*WHAT YOU ARE ASKED TO DO*. Search the records below for "from DERIV_mult[OF this". Return that line and all remaining lines exactly.

*SUPPLIED INFORMATION*.
lemma has_real_derivative_contraction_along_curve:
  fixes G :: "'m::finite list \<Rightarrow> real^'m \<Rightarrow> real" and s :: "real \<Rightarrow> real^'m"
  assumes "open U" "\<forall>\<alpha>s. smooth_on U (G \<alpha>s)" "symmetric_tensor (Suc (Suc k)) G"
    and "smooth_curve T s" "\<tau> \<in> T" "s \<tau> \<in> U"
  shows "((\<lambda>t. \<Sum>\<alpha>s\<in>idx (Suc k). G (l # \<alpha>s) (s t) * vmon (vel s t) \<alpha>s) has_real_derivative
      (\<Sum>\<mu>\<in>UNIV. \<Sum>\<alpha>s\<in>idx (Suc k). pd \<mu> (G (l # \<alpha>s)) (s \<tau>) * vel s \<tau> $ \<mu> * vmon (vel s \<tau>) \<alpha>s)
      + real (Suc k) *
        (\<Sum>\<mu>\<in>UNIV. \<Sum>\<alpha>s\<in>idx k. G (l # \<mu> # \<alpha>s) (s \<tau>) * acc s \<tau> $ \<mu> * vmon (vel s \<tau>) \<alpha>s))
      (at \<tau>)"
proof -
  define q v a where "q = s \<tau>" and "v = vel s \<tau>" and "a = acc s \<tau>"
  have vel: "\<And>i. ((\<lambda>t. s t $ i) has_real_derivative v $ i) (at \<tau>)"
    and acc: "\<And>i. ((\<lambda>t. vel s t $ i) has_real_derivative a $ i) (at \<tau>)"
    using smooth_curve_has_vel[OF assms(4,5)] smooth_curve_has_acc[OF assms(4,5)]
    by (simp_all add: v_def a_def)
  have "((\<lambda>t. \<Sum>\<alpha>s\<in>idx (Suc k). G (l # \<alpha>s) (s t) * vmon (vel s t) \<alpha>s) has_real_derivative
      (\<Sum>\<alpha>s\<in>idx (Suc k). (\<Sum>\<mu>\<in>UNIV. pd \<mu> (G (l # \<alpha>s)) q * v $ \<mu>) * vmon v \<alpha>s
        + G (l # \<alpha>s) q * vmon_diff v a \<alpha>s)) (at \<tau>)"
  proof (rule DERIV_sum)
    fix \<alpha>s
    have "((\<lambda>t. G (l # \<alpha>s) (s t)) has_real_derivative (\<Sum>\<mu>\<in>UNIV. pd \<mu> (G (l # \<alpha>s)) q * v $ \<mu>))
        (at \<tau>)"
      using smooth_on_chain_rule[OF assms(1) _ assms(6) vel] assms(2) by (simp add: q_def)
    from DERIV_mult[OF this has_real_derivative_vmon[OF acc]]
    show "((\<lambda>t. G (l # \<alpha>s) (s t) * vmon (vel s t) \<alpha>s) has_real_derivative
        (\<Sum>\<mu>\<in>UNIV. pd \<mu> (G (l # \<alpha>s)) q * v $ \<mu>) * vmon v \<alpha>s + G (l # \<alpha>s) q * vmon_diff v a \<alpha>s)
        (at \<tau>)"
      by (simp add: q_def v_def mult.commute)
  qed
  moreover have "(\<Sum>\<alpha>s\<in>idx (Suc k). (\<Sum>\<mu>\<in>UNIV. pd \<mu> (G (l # \<alpha>s)) q * v $ \<mu>) * vmon v \<alpha>s)
      = (\<Sum>\<mu>\<in>UNIV. \<Sum>\<alpha>s\<in>idx (Suc k). pd \<mu> (G (l # \<alpha>s)) q * v $ \<mu> * vmon v \<alpha>s)"
    by (subst sum.swap) (simp add: sum_distrib_right)
  moreover have "symmetric_coeffs (Suc k) (\<lambda>\<alpha>s. G (l # \<alpha>s) q)"
    using symmetric_coeffs_Cons symmetric_tensor_imp_symmetric_coeffs[OF assms(3)] .
  then have "(\<Sum>\<alpha>s\<in>idx (Suc k). G (l # \<alpha>s) q * vmon_diff v a \<alpha>s)
      = real (Suc k) * (\<Sum>\<mu>\<in>UNIV. \<Sum>\<alpha>s\<in>idx k. G (l # \<mu> # \<alpha>s) q * a $ \<mu> * vmon v \<alpha>s)"
    by (rule sum_symmetric_coeffs_vmon_diff)
  ultimately show ?thesis
    unfolding sum.distrib q_def v_def a_def by simp
qed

*EXERCISE RESPONSE*.
    from DERIV_mult[OF this has_real_derivative_vmon[OF acc]]
    show "((\<lambda>t. G (l # \<alpha>s) (s t) * vmon (vel s t) \<alpha>s) has_real_derivative
        (\<Sum>\<mu>\<in>UNIV. pd \<mu> (G (l # \<alpha>s)) q * v $ \<mu>) * vmon v \<alpha>s + G (l # \<alpha>s) q * vmon_diff v a \<alpha>s)
        (at \<tau>)"
      by (simp add: q_def v_def mult.commute)
  qed
  moreover have "(\<Sum>\<alpha>s\<in>idx (Suc k). (\<Sum>\<mu>\<in>UNIV. pd \<mu> (G (l # \<alpha>s)) q * v $ \<mu>) * vmon v \<alpha>s)
      = (\<Sum>\<mu>\<in>UNIV. \<Sum>\<alpha>s\<in>idx (Suc k). pd \<mu> (G (l # \<alpha>s)) q * v $ \<mu> * vmon v \<alpha>s)"
    by (subst sum.swap) (simp add: sum_distrib_right)
  moreover have "symmetric_coeffs (Suc k) (\<lambda>\<alpha>s. G (l # \<alpha>s) q)"
    using symmetric_coeffs_Cons symmetric_tensor_imp_symmetric_coeffs[OF assms(3)] .
  then have "(\<Sum>\<alpha>s\<in>idx (Suc k). G (l # \<alpha>s) q * vmon_diff v a \<alpha>s)
      = real (Suc k) * (\<Sum>\<mu>\<in>UNIV. \<Sum>\<alpha>s\<in>idx k. G (l # \<mu> # \<alpha>s) q * a $ \<mu> * vmon v \<alpha>s)"
    by (rule sum_symmetric_coeffs_vmon_diff)
  ultimately show ?thesis
    unfolding sum.distrib q_def v_def a_def by simp
qed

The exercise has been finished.